* Exercise prompt *
Set down each record exactly as written.

* Information shown *
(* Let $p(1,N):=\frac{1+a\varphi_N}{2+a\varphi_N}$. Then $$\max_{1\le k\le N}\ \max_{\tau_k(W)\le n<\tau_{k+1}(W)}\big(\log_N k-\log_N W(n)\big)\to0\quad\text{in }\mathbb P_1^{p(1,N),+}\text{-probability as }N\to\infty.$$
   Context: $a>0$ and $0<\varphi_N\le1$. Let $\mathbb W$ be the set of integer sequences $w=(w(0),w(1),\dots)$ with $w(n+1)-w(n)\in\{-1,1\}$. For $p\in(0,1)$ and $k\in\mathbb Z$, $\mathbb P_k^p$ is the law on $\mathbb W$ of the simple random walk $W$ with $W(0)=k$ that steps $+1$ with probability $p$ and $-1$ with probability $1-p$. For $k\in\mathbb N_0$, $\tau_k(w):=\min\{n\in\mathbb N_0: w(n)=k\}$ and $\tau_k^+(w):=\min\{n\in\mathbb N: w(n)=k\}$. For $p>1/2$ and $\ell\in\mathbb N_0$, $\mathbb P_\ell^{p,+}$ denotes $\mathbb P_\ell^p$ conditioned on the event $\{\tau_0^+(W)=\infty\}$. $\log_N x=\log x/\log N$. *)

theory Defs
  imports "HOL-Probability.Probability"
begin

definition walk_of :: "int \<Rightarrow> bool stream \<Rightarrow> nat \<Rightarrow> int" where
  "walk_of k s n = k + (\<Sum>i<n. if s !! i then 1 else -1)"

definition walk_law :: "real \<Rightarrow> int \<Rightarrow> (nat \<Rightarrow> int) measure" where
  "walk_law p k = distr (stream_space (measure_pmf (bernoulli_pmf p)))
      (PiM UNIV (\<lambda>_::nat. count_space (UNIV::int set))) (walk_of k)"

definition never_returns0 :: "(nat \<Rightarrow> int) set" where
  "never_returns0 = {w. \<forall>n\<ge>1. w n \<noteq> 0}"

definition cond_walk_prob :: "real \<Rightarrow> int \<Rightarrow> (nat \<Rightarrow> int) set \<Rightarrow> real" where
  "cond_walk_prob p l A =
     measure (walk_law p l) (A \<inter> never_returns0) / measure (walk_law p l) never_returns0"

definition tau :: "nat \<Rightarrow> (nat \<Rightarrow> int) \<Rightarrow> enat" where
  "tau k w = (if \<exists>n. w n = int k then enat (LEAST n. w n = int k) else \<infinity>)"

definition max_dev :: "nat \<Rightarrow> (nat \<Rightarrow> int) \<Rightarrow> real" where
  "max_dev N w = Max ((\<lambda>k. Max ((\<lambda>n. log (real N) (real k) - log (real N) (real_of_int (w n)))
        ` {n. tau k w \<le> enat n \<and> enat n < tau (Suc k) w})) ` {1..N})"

* Answer to the exercise *
(* Let $p(1,N):=\frac{1+a\varphi_N}{2+a\varphi_N}$. Then $$\max_{1\le k\le N}\ \max_{\tau_k(W)\le n<\tau_{k+1}(W)}\big(\log_N k-\log_N W(n)\big)\to0\quad\text{in }\mathbb P_1^{p(1,N),+}\text{-probability as }N\to\infty.$$
   Context: $a>0$ and $0<\varphi_N\le1$. Let $\mathbb W$ be the set of integer sequences $w=(w(0),w(1),\dots)$ with $w(n+1)-w(n)\in\{-1,1\}$. For $p\in(0,1)$ and $k\in\mathbb Z$, $\mathbb P_k^p$ is the law on $\mathbb W$ of the simple random walk $W$ with $W(0)=k$ that steps $+1$ with probability $p$ and $-1$ with probability $1-p$. For $k\in\mathbb N_0$, $\tau_k(w):=\min\{n\in\mathbb N_0: w(n)=k\}$ and $\tau_k^+(w):=\min\{n\in\mathbb N: w(n)=k\}$. For $p>1/2$ and $\ell\in\mathbb N_0$, $\mathbb P_\ell^{p,+}$ denotes $\mathbb P_\ell^p$ conditioned on the event $\{\tau_0^+(W)=\infty\}$. $\log_N x=\log x/\log N$. *)

theory Defs
  imports "HOL-Probability.Probability"
begin

definition walk_of :: "int \<Rightarrow> bool stream \<Rightarrow> nat \<Rightarrow> int" where
  "walk_of k s n = k + (\<Sum>i<n. if s !! i then 1 else -1)"

definition walk_law :: "real \<Rightarrow> int \<Rightarrow> (nat \<Rightarrow> int) measure" where
  "walk_law p k = distr (stream_space (measure_pmf (bernoulli_pmf p)))
      (PiM UNIV (\<lambda>_::nat. count_space (UNIV::int set))) (walk_of k)"

definition never_returns0 :: "(nat \<Rightarrow> int) set" where
  "never_returns0 = {w. \<forall>n\<ge>1. w n \<noteq> 0}"

definition cond_walk_prob :: "real \<Rightarrow> int \<Rightarrow> (nat \<Rightarrow> int) set \<Rightarrow> real" where
  "cond_walk_prob p l A =
     measure (walk_law p l) (A \<inter> never_returns0) / measure (walk_law p l) never_returns0"

definition tau :: "nat \<Rightarrow> (nat \<Rightarrow> int) \<Rightarrow> enat" where
  "tau k w = (if \<exists>n. w n = int k then enat (LEAST n. w n = int k) else \<infinity>)"

definition max_dev :: "nat \<Rightarrow> (nat \<Rightarrow> int) \<Rightarrow> real" where
  "max_dev N w = Max ((\<lambda>k. Max ((\<lambda>n. log (real N) (real k) - log (real N) (real_of_int (w n)))
        ` {n. tau k w \<le> enat n \<and> enat n < tau (Suc k) w})) ` {1..N})"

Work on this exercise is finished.